A developer is creating a Spark application that performs multiple DataFrame transformations and actions. The developer wants to maintain optimal performance by properly managing the SparkSession.

How should the developer handle the SparkSession throughout the application?

Options:

A.

Use a single SparkSession instance for the entire application.

B.

Avoid using a SparkSession and rely on SparkContext only.

C.

Create a new SparkSession instance before each transformation.

D.

Stop and restart the SparkSession after each action.

Question 36

28 of 55.

A data analyst builds a Spark application to analyze finance data and performs the following operations:

filter, select, groupBy, and coalesce.

Which operation results in a shuffle?

Options:

A.

filter

B.

select

C.

groupBy

D.

coalesce

Question 37

49 of 55.

In the code block below, aggDF contains aggregations on a streaming DataFrame:

aggDF.writeStream \

.format("console") \

.outputMode("???") \

.start()

Which output mode at line 3 ensures that the entire result table is written to the console during each trigger execution?

Options:

A.

AGGREGATE

B.

COMPLETE

C.

REPLACE

D.

APPEND

Question 38

A data analyst builds a Spark application to analyze finance data and performs the following operations: filter, select, groupBy, and coalesce.

Which operation results in a shuffle?

Options:

A.

groupBy

B.

filter

C.

select

D.

coalesce

Question 39

A data engineer writes the following code to join two DataFrames df1 and df2:

df1 = spark.read.csv("sales_data.csv") # ~10 GB

df2 = spark.read.csv("product_data.csv") # ~8 MB

result = df1.join(df2, df1.product_id == df2.product_id)

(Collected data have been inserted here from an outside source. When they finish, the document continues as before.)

text \<open>Every unitary coin with \<open>c\<^sub>R\<^sub>R \<noteq> 0\<close> has the gauge form above, with
  \<open>d = \<Delta>\<^sup>1\<^sup>/\<^sup>2\<close>, \<open>m = e\<^sup>i\<^sup>\<phi>\<close>, \<open>A = cnj c\<^sub>L\<^sub>R \<Delta>\<^sup>1\<^sup>/\<^sup>2\<close> and \<open>c = \<rho>(A) = |c\<^sub>R\<^sub>R|\<close>.\<close>
lemma unitary2_gauge_form:
  assumes U: "unitary2 cRR cLR cRL cLL" and nz: "cRR \<noteq> 0"
  defines "d \<equiv> cis ((Arg cRR + Arg cLL) / 2)" and "m \<equiv> cis ((Arg cRR - Arg cLL) / 2)"
    and "A \<equiv> cnj cLR * cis ((Arg cRR + Arg cLL) / 2)"
  shows "cmod A < 1"
    and "cRR = of_real (rho A) * d * m" "cLL = of_real (rho A) * d / m"
    and "cLR = cnj A * d" "cRL = - A * d"
proof -
  note N = unitary2_norms[OF U]
  have A: "A = cnj cLR * d" by (simp add: A_def d_def)
  have dd: "cnj d * d = 1" and mm: "cnj m * m = 1" and m_nz: "m \<noteq> 0"
    by (simp_all add: d_def m_def cis_cnj cis_mult)
  have nA: "cmod A = cmod cLR" by (simp add: A d_def norm_mult)
  have "(cmod cRR)\<^sup>2 > 0" using nz by simp
  then have "(cmod cLR)\<^sup>2 < 1" using N(2) by linarith
  then show "cmod A < 1" unfolding nA by (simp add: abs_square_less_1)
  have rho: "rho A = cmod cRR"
  proof -
    have "1 - (cmod cLR)\<^sup>2 = (cmod cRR)\<^sup>2" using N(2) by simp
    then show ?thesis unfolding rho_def nA by simp
  qed
  have "cis (Arg cRR) = d * m" unfolding d_def m_def cis_mult by (simp add: field_simps)
  then show R: "cRR = of_real (rho A) * d * m"
    using rcis_cmod_Arg[of cRR] unfolding rho rcis_def by (simp add: mult_ac)
  have "cis (Arg cLL) = d / m" unfolding d_def m_def cis_divide by (simp add: field_simps)
  then show L: "cLL = of_real (rho A) * d / m"
    using rcis_cmod_Arg[of cLL] unfolding rho rcis_def N(1) by (simp add: mult_ac)
  show "cLR = cnj A * d" using dd by (simp add: A mult_ac)
  have "cnj cLL * cRL = - (cnj cLR * cRR)"
    using U by (simp add: unitary2_def eq_neg_iff_add_eq_0 mult.commute add.commute)
  also have "cnj cLR = A * cnj d" using dd by (simp add: A mult_ac)
  finally have "cnj cLL * cRL = cnj cLL * (- A * d)"
    unfolding L R using dd mm m_nz by (simp add: field_simps complex_cnj_divide)
  moreover have "cnj cLL \<noteq> 0" using nz N(1) by (metis complex_cnj_zero_iff norm_eq_zero)
  ultimately show "cRL = - A * d" by (metis mult_left_cancel)
qed

text \<open>The half-phase \<open>e\<^sup>i\<^sup>\<phi>\<^sup>/\<^sup>2\<close> of the statement redistributes the phase \<open>m = e\<^sup>i\<^sup>\<phi>\<close> between \<open>\<alpha>\<close> and \<open>\<beta>\<close>.\<close>
lemma norm_half_phase:
  fixes \<alpha> \<beta> :: complex and \<phi> \<nu> :: real
  shows "cmod (\<alpha> * exp (\<i> * of_real (\<phi> / 2)) + \<beta> * exp (- \<i> * of_real (\<phi> / 2)) * of_real \<nu>)
       = cmod (\<alpha> + of_real \<nu> * (\<beta> / cis \<phi>))"
proof -
  let ?h = "cis (\<phi> / 2)"
  have "\<alpha> * ?h + \<beta> * inverse ?h * of_real \<nu> = ?h * (\<alpha> + of_real \<nu> * (\<beta> / (?h * ?h)))"
    by (simp add: field_simps)
  moreover have "?h * ?h = cis \<phi>" by (simp add: cis_mult)
  moreover have "exp (- \<i> * of_real (\<phi> / 2)) = inverse ?h"
    by (simp add: cis_conv_exp exp_minus)
  ultimately show ?thesis by (simp add: cis_conv_exp norm_mult)
qed

theorem theorem1:
  fixes cRR cLR cRL cLL \<alpha> \<beta> :: complex and x :: nat
  assumes "unitary2 cRR cLR cRL cLL"
    and "cRR \<noteq> 0"
    and "(cmod \<alpha>)\<^sup>2 + (cmod \<beta>)\<^sup>2 = 1"
  shows "let \<sigma>R = Arg cRR; \<sigma>L = Arg cLL;
             sqrt\<Delta> = exp (\<i> * complex_of_real ((\<sigma>R + \<sigma>L) / 2));
             a = cnj cLR * sqrt\<Delta>;
             \<phi> = (\<sigma>R - \<sigma>L) / 2;
             \<nu> = nu_I a
         in (\<lambda>t. typeI_prob cRR cLR cRL cLL \<alpha> \<beta> t x) \<longlonglongrightarrow>
              (Re a)\<^sup>2 / (1 - (Im a)\<^sup>2)
              * (cmod (\<alpha> * exp (\<i> * complex_of_real (\<phi> / 2))
                       + \<beta> * exp (- \<i> * complex_of_real (\<phi> / 2)) * complex_of_real \<nu>))\<^sup>2
              * (1 + \<nu>\<^sup>2) * \<nu> ^ (2 * x)"
proof -
  define \<phi> where "\<phi> = (Arg cRR - Arg cLL) / 2"
  define d where "d = cis ((Arg cRR + Arg cLL) / 2)"
  define a where "a = cnj cLR * d"
  have form: "cmod a < 1" "cRR = of_real (rho a) * d * cis \<phi>" "cLL = of_real (rho a) * d / cis \<phi>"
    "cLR = cnj a * d" "cRL = - a * d"
    using unitary2_gauge_form[OF assms(1,2)] unfolding \<phi>_def d_def a_def by simp_all
  \<comment> \<open>in the gauge-transformed picture the phases drop out of the probabilities\<close>
  have prob: "typeI_prob cRR cLR cRL cLL \<alpha> \<beta> t x
      = (cmod (reduced_amp a (of_real (rho a)) \<alpha> (\<beta> / cis \<phi>) t x True))\<^sup>2
        + (cmod (reduced_amp a (of_real (rho a)) \<alpha> (\<beta> / cis \<phi>) t x False))\<^sup>2" for t
    unfolding typeI_prob_def Let_def gauge_transform[OF form(2-5) cis_neq_zero]
    by (simp add: norm_mult norm_power d_def)
  have "(\<lambda>t. typeI_prob cRR cLR cRL cLL \<alpha> \<beta> t x) \<longlonglongrightarrow>
      (Re a)\<^sup>2 / (1 - (Im a)\<^sup>2) * (cmod (\<alpha> + of_real (nu_I a) * (\<beta> / cis \<phi>)))\<^sup>2
        * (1 + (nu_I a)\<^sup>2) * nu_I a ^ (2 * x)"
    unfolding prob by (rule reduced_walk_limit[OF form(1)])
  then show ?thesis
    unfolding Let_def norm_half_phase \<phi>_def[symmetric]
    by (simp add: a_def d_def cis_conv_exp)
qed

end
lemma legendre_coeff_mult_fact_dvd:
  assumes "j \<le> j'" "2*j' \<le> n"
  shows "legendre_coeff n j' * fact (n - 2*j') dvd legendre_coeff n j * fact (n - 2*j)"
  using assms
proof (induction j' rule: dec_induct)
  case (step k)
  have "legendre_coeff n (k+1) * fact (n - 2*(k+1)) dvd legendre_coeff n k * fact (n - 2*k)"
    using legendre_coeff_mult_fact_step[of k n] step.prems by simp
  also have "\<dots> dvd legendre_coeff n j * fact (n - 2*j)" using step by simp
  finally show ?case by simp
qed simp

lemma multiplicity_mult_coprime_left:
  fixes x c y :: "'a :: {factorial_semiring, semiring_gcd}"
  assumes "coprime x c"
  shows "multiplicity x (c * y) = multiplicity x y"
proof (rule multiplicity_cong)
  fix r
  have "coprime (x ^ r) c" using assms by simp
  then show "x ^ r dvd c * y \<longleftrightarrow> x ^ r dvd y" by (simp add: coprime_dvd_mult_right_iff)
qed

Which join strategy will Spark use?

Options:

A.

Shuffle join, because AQE is not enabled, and Spark uses a static query plan

B.

Broadcast join, as df2 is smaller than the default broadcast threshold

C.

Shuffle join, as the size difference between df1 and df2 is too large for a broadcast join to work efficiently

D.

Shuffle join because no broadcast hints were provided

Question 40

Given this code:

.withWatermark("event_time", "10 minutes")

.groupBy(window("event_time", "15 minutes"))

.count()

What happens to data that arrives after the watermark threshold?

Options:

Options:

A.

Records that arrive later than the watermark threshold (10 minutes) will automatically be included in the aggregation if they fall within the 15-minute window.

B.

Any data arriving more than 10 minutes after the watermark threshold will be ignored and not included in the aggregation.

C.

Data arriving more than 10 minutes after the latest watermark will still be included in the aggregation but will be placed into the next window.

D.

The watermark ensures that late data arriving within 10 minutes of the latest event_time will be processed and included in the windowed aggregation.